What are Trans-Neptunian objects?

(Trans-Neptunian objects identified by the red, blue, and white bodies to the right of Neptune's orbit - http://en.wikipedia.org/wiki/Trans-Neptunian_object)

A Trans-Neptunian object is any small solar system body that orbits the Sun in a region of space just beyond Neptune. This region of space, often refered to as the Trans-Neptunian region, is made up of three parts: the Kuiper belt, scattered disk, and Oort cloud. Any celestial body found in the Trans-Neptunian region is classified as a Trans-Neptunian object.

Although any celestial body found in the Trans-Neptunian region is considered to be a TNO (because they orbit beyond Neptune), the International Astronomical Union (IAU) established a three-way categorization for all bodies orbiting the Sun in 2006. These three designations would be: planets, dwarf planets, and small solar system bodies. According to this new definition from the IAU, none of the Trans-Neptunian objects are planets, but three of them have been accepted as dwarf planets: Pluto, Eris, and Ceres.

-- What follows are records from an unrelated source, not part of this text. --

lemma exists_realizable_y0_eq_i:
  assumes "2 \<le> n"
  shows "\<exists>p q. realizable p q \<and> Im (p 0) = 0 \<and> q 0 = \<i> \<and> Im (p 1) = 0 \<and> Im (q 1) = 0
           \<and> (\<forall>k\<in>{2..<n}. p k = 0 \<and> q k = 0)"
proof -
  obtain p q where pq: "realizable p q" "Im_normal p q" "\<forall>k\<in>{1..<n}. q k = 0" "\<forall>k\<in>{2..<n}. p k = 0"
    using exists_realizable_x_vanishing by blast
  have n: "0 < n" "1 < n" using assms by auto
  obtain W d t where W: "p 0 = of_int W" and d: "p 1 = of_int d" and t: "q 0 = of_int t + \<i>"
    using realizable_Im_normal_values[OF pq(1,2) n(2)] by blast
  have q1: "q 1 = 0" using pq(3) n(2) by simp
  obtain a\<^sub>0 a\<^sub>1 where bezout: "a\<^sub>0 * W + a\<^sub>1 * d = 1"
    using realizable_bezout[OF pq(1) assms W d _ q1] pq(2,3,4) unfolding Im_normal_def by auto
  txt \<open>The transvection along \<open>x\<^sub>0 + x\<^sub>1\<close> and a shift of \<open>y\<^sub>0\<close> by \<open>x\<^sub>0\<close> change \<open>Re q\<^sub>0\<close> by
    \<open>-t (a\<^sub>0 W + a\<^sub>1 d) = -t\<close>.\<close>
  define c where "c = t * a\<^sub>1"
  define q' where "q' = (\<lambda>k. q k - of_int (c * (if k = 0 \<or> k = 1 then 1 else 0)) * (p 0 + p 1))"
  have "realizable p q'"
    using realizable_transvection[OF pq(1), where a = "\<lambda>k. if k = 0 \<or> k = 1 then 1 else 0"
        and b = "\<lambda>_. 0" and c = c]
      sum_lessThan_two[OF assms, of "\<lambda>j. of_int (if j = 0 \<or> j = 1 then 1 else 0) * p j"]
    by (simp add: q'_def)
  moreover have "q' 0 + of_int (c - t * a\<^sub>0) * p 0 = \<i>"
  proof -
    have "q' 0 + of_int (c - t * a\<^sub>0) * p 0 = of_int (t * (1 - (a\<^sub>0 * W + a\<^sub>1 * d))) + \<i>"
      using W d t by (simp add: q'_def c_def algebra_simps)
    then show ?thesis unfolding bezout by simp
  qed
  ultimately have realizable': "realizable p (q'(0 := \<i>))"
    using realizable_add_x_to_y[OF _ n(1), of p q' "c - t * a\<^sub>0"] by simp
  have q': "Im (q' 1) = 0" "\<forall>k\<in>{2..<n}. q' k = 0"
    using q1 W d pq(3) by (simp_all add: q'_def)
  show ?thesis
    by (rule exI[where x = p], rule exI[where x = "q'(0 := \<i>)"])
      (use realizable' q' pq(2,4) n in \<open>auto simp: Im_normal_def\<close>)
qed

lemma omega_normal_form:
  assumes "realizable p q" "0 < n" "q 0 = \<i>" "\<forall>k\<in>{1..<n}. q k = 0"
  shows "omega n chi = Re (p 0)"
proof -
  have "omega n chi = (\<Sum>j<n. Im (cnj (p j) * q j))"
    using assms(1) by (simp add: realizable_def)
  also have "\<dots> = (\<Sum>j<n. if j = 0 then Re (p 0) else 0)"
    by (rule sum.cong) (use assms(3,4) in auto)
  finally show ?thesis using assms(2) by simp
qed

lemma realizable_reduce_mod:
  assumes "realizable p q" "i < n" "k < n" "i \<noteq> k" "p i = of_int W" "p k = of_int d" "q k = 0"
  shows "realizable (p(k := of_int (d mod W))) q"
proof -
  have "realizable (p(k := p k + of_int (- (d div W)) * p i)) q"
    using realizable_shear[OF assms(1,3,2) assms(4)[symmetric], of "- (d div W)"] assms(7) by simp
  moreover have "p k + of_int (- (d div W)) * p i = of_int (d + - (d div W) * W)"
    using assms(5,6) by simp
  ultimately show ?thesis by (simp add: minus_div_mult_eq_mod[symmetric])
qed

lemma exists_realizable_normal_form:
  assumes "2 \<le> n" "0 < omega n chi"
  shows "\<exists>p q. realizable p q \<and> p 0 = of_real (omega n chi) \<and> q 0 = \<i> \<and>
           (\<forall>j\<in>{1..<n}. q j = 0 \<and>
              (\<exists>a :: int. p j = of_int a \<and> 0 \<le> a \<and> real_of_int a < omega n chi))"
proof -
  have n: "0 < n" "1 < n" using assms by auto
  define R where "R p q \<longleftrightarrow> Im (p 0) = 0 \<and> q 0 = \<i> \<and> Im (p 1) = 0 \<and> Im (q 1) = 0
           \<and> (\<forall>k\<in>{2..<n}. p k = 0 \<and> q k = 0)" for p q
  obtain p0 q0 where "realizable p0 q0" "R p0 q0"
    using exists_realizable_y0_eq_i[OF assms(1)] unfolding R_def by blast
  then have "\<exists>p q. realizable p q \<and> R p q \<and> Re (q 1) = 0"
    using n by (intro realizable_reduce_y[where \<phi> = Re]) (auto simp: R_def)
  then obtain p q where pq: "realizable p q" "R p q" "Re (q 1) = 0" by blast
  then have q: "\<forall>k\<in>{1..<n}. q k = 0"
    unfolding R_def by (metis atLeastLessThan_iff complex_eq_iff le_eq_less_or_eq
        zero_complex.sel Suc_1 Suc_leI)
  have omega: "omega n chi = Re (p 0)"
    using omega_normal_form[OF pq(1) n(1)] pq(2) q unfolding R_def by blast
  note ints = realizable_Gaussian_integer[OF pq(1)]
  obtain W where W: "p 0 = of_int W"
    using Gaussian_integer_real_eq_of_int[OF ints(1)[OF n(1)]] pq(2) unfolding R_def by blast
  obtain d where d: "p 1 = of_int d"
    using Gaussian_integer_real_eq_of_int[OF ints(1)[OF n(2)]] pq(2) unfolding R_def by blast
  have "W > 0" using assms(2) omega W by simp
  have realizable': "realizable (p(1 := of_int (d mod W))) q"
    using realizable_reduce_mod[OF pq(1) n(1,2) _ W d] q n(2) by simp
  have "0 \<le> d mod W" "real_of_int (d mod W) < omega n chi"
    using \<open>W > 0\<close> by (simp_all add: omega W)
  then have rest: "\<forall>j\<in>{1..<n}. q j = 0 \<and> (\<exists>a :: int. (p(1 := of_int (d mod W))) j = of_int a
               \<and> 0 \<le> a \<and> real_of_int a < omega n chi)"
    using q pq(2) assms(2) unfolding R_def
    by (metis atLeastLessThan_iff fun_upd_apply le_eq_less_or_eq of_int_0 order_refl Suc_1 Suc_leI)
  show ?thesis
    by (rule exI[of _ "p(1 := of_int (d mod W))"], rule exI[of _ q])
      (use realizable' rest pq(2) omega W in \<open>auto simp: R_def complex_eq_iff\<close>)
qed

end

theorem mainTheorem14:
  fixes n :: nat and chi :: "(nat \<Rightarrow> int) \<Rightarrow> complex"
  assumes "n \<ge> 2"
    and "is_char n chi"
    and "chi ` H1 n = {of_int a + \<i> * of_int b | a b :: int. True}"
    and "omega n chi > 0"
  shows "\<exists>x y. symplectic_basis n x y \<and>
           chi (x 0) = of_real (omega n chi) \<and> chi (y 0) = \<i> \<and>
           (\<forall>j\<in>{1..<n}. chi (y j) = 0 \<and>
              (\<exists>a :: int. chi (x j) = of_int a \<and> 0 \<le> a \<and> real_of_int a < omega n chi))"
proof -
  interpret integral_character n chi
    using assms(2,3) by unfold_locales
  obtain p q where "realizable p q" and pq: "p 0 = of_real (omega n chi)" "q 0 = \<i>"
    "\<forall>j\<in>{1..<n}. q j = 0 \<and> (\<exists>a :: int. p j = of_int a \<and> 0 \<le> a \<and> real_of_int a < omega n chi)"
    using exists_realizable_normal_form[OF assms(1,4)] by blast
  then obtain x y where xy: "symplectic_basis n x y" "\<forall>j<n. chi (x j) = p j \<and> chi (y j) = q j"
    unfolding realizable_def by blast
  show ?thesis
  proof (intro exI conjI)
    show "symplectic_basis n x y" by (fact xy(1))
    show "chi (x 0) = of_real (omega n chi)" "chi (y 0) = \<i>"
      using xy(2) pq(1,2) assms(1) by auto
    show "\<forall>j\<in>{1..<n}. chi (y j) = 0 \<and>
        (\<exists>a :: int. chi (x j) = of_int a \<and> 0 \<le> a \<and> real_of_int a < omega n chi)"
      using xy(2) pq(3) by auto
  qed
qed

Most Trans-Neptunian objects fit in the small solar system bodies category.

Pluto was the first Trans-Neptunian object to be discovered, which was in 1930. Even though it is technically a TNO, Pluto has further been given the designation of dwarf planet.

Because "Trans-Neptunian object" was not even a term beforehand (and Pluto was classified as a planet), you could say that the true first TNO was discovered in August 1992. It was given the name: (15760) 1992 QB1. It was because of this discovery in 1992 that we needed a better way to identify all bodies within our Solar System. Since the discovery of (15760) 1992 QB1, thousands more Trans-Neptunian objects have been identified. A few of the more notable TNOs have acquired names, such as Varuna, Ixion, Quaoar, Sedna, Orcus, Haumea, and Makemake. Currently, Haumea and Makemake are carefully being studied to see if they meet the criteria for being classified as dwarf planets.

(Comparison of Earth's size to some of the largest known TNOs - http://en.wikipedia.org/wiki/Trans-Neptunian_object)

Many Trans-Neptunian objects are binaries - two bodies with similar masses that orbit each other. Pluto and Charon are an example of one such binary system found in the Trans-Neptunian region.

The most significant TNO discovered in recent years is Eris. Formerly known as 2003 UB313 and identified in January 2005, Eris is the first Trans-Neptunian object known to be more massive than Pluto.